section \<open>The transfer operators\<close>

definition transfer_op :: "cmat measure \<Rightarrow> (real \<Rightarrow> complex) \<Rightarrow> (cvec \<Rightarrow> complex) \<Rightarrow> cvec \<Rightarrow> complex" where
  "transfer_op \<mu> \<phi> u v = (LINT g|\<mu>. \<phi> (cocycle g v) * u (g *v v))"

lemma Pxi_eq_transfer_op: "Pxi \<mu> \<xi> = transfer_op \<mu> (\<lambda>s. cis (\<xi> * s))"
  by (simp add: fun_eq_iff Pxi_def transfer_op_def cis_conv_exp)

lemma scale_invariant_transfer_op:
  assumes "scale_invariant u"
  shows "scale_invariant (transfer_op \<mu> \<phi> u)"
proof -
  have "u (c *s y) = u y" if "c \<noteq> 0" for c y
    using assms that by (cases "y = 0") (auto simp: scale_invariant_def)
  thus ?thesis by (simp add: scale_invariant_def transfer_op_def cocycle_scale vector_scalar_commute)
qed

locale sl2_measure = prob_space \<mu> for \<mu> :: "cmat measure" +
  assumes sets_eq: "sets \<mu> = sets borel"
    and AE_det: "AE g in \<mu>. det g = 1"
begin

definition transfer_const :: "real \<Rightarrow> real" where
  "transfer_const q = log_holder_const q * (LINT g|\<mu>. log_weight (q + 1) g)"

lemma measurable_eq: "measurable \<mu> M = measurable borel M"
  by (rule measurable_cong_sets[OF sets_eq refl])

lemma integrable_log_weight:
  assumes mom: "(\<integral>\<^sup>+ g. ennreal (\<bar>ln (opnorm g)\<bar> powr p) \<partial>\<mu>) < \<infinity>" and r: "0 \<le> r" "r \<le> p"
  shows "integrable \<mu> (log_weight r)"
proof (rule Bochner_Integration.integrable_bound)
  have "integrable \<mu> (\<lambda>g. \<bar>ln (opnorm g)\<bar> powr p)"
    using mom by (intro integrableI_bounded) (auto simp: measurable_eq)
  thus "integrable \<mu> (\<lambda>g. 2 powr r * (1 + \<bar>ln (opnorm g)\<bar> powr p))" by auto
  show "log_weight r \<in> borel_measurable \<mu>" unfolding measurable_eq log_weight_def by measurable
  show "AE g in \<mu>. norm (log_weight r g) \<le> norm (2 powr r * (1 + \<bar>ln (opnorm g)\<bar> powr p))"
    using log_weight_le[OF r] by (intro AE_I2) (simp add: log_weight_def)
qed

- _Exercise description_:
Would you repeat all of the entries exactly?

- _Answer box_:
section \<open>The transfer operators\<close>

definition transfer_op :: "cmat measure \<Rightarrow> (real \<Rightarrow> complex) \<Rightarrow> (cvec \<Rightarrow> complex) \<Rightarrow> cvec \<Rightarrow> complex" where
  "transfer_op \<mu> \<phi> u v = (LINT g|\<mu>. \<phi> (cocycle g v) * u (g *v v))"

lemma Pxi_eq_transfer_op: "Pxi \<mu> \<xi> = transfer_op \<mu> (\<lambda>s. cis (\<xi> * s))"
  by (simp add: fun_eq_iff Pxi_def transfer_op_def cis_conv_exp)

lemma scale_invariant_transfer_op:
  assumes "scale_invariant u"
  shows "scale_invariant (transfer_op \<mu> \<phi> u)"
proof -
  have "u (c *s y) = u y" if "c \<noteq> 0" for c y
    using assms that by (cases "y = 0") (auto simp: scale_invariant_def)
  thus ?thesis by (simp add: scale_invariant_def transfer_op_def cocycle_scale vector_scalar_commute)
qed

locale sl2_measure = prob_space \<mu> for \<mu> :: "cmat measure" +
  assumes sets_eq: "sets \<mu> = sets borel"
    and AE_det: "AE g in \<mu>. det g = 1"
begin

definition transfer_const :: "real \<Rightarrow> real" where
  "transfer_const q = log_holder_const q * (LINT g|\<mu>. log_weight (q + 1) g)"

lemma measurable_eq: "measurable \<mu> M = measurable borel M"
  by (rule measurable_cong_sets[OF sets_eq refl])

lemma integrable_log_weight:
  assumes mom: "(\<integral>\<^sup>+ g. ennreal (\<bar>ln (opnorm g)\<bar> powr p) \<partial>\<mu>) < \<infinity>" and r: "0 \<le> r" "r \<le> p"
  shows "integrable \<mu> (log_weight r)"
proof (rule Bochner_Integration.integrable_bound)
  have "integrable \<mu> (\<lambda>g. \<bar>ln (opnorm g)\<bar> powr p)"
    using mom by (intro integrableI_bounded) (auto simp: measurable_eq)
  thus "integrable \<mu> (\<lambda>g. 2 powr r * (1 + \<bar>ln (opnorm g)\<bar> powr p))" by auto
  show "log_weight r \<in> borel_measurable \<mu>" unfolding measurable_eq log_weight_def by measurable
  show "AE g in \<mu>. norm (log_weight r g) \<le> norm (2 powr r * (1 + \<bar>ln (opnorm g)\<bar> powr p))"
    using log_weight_le[OF r] by (intro AE_I2) (simp add: log_weight_def)
qed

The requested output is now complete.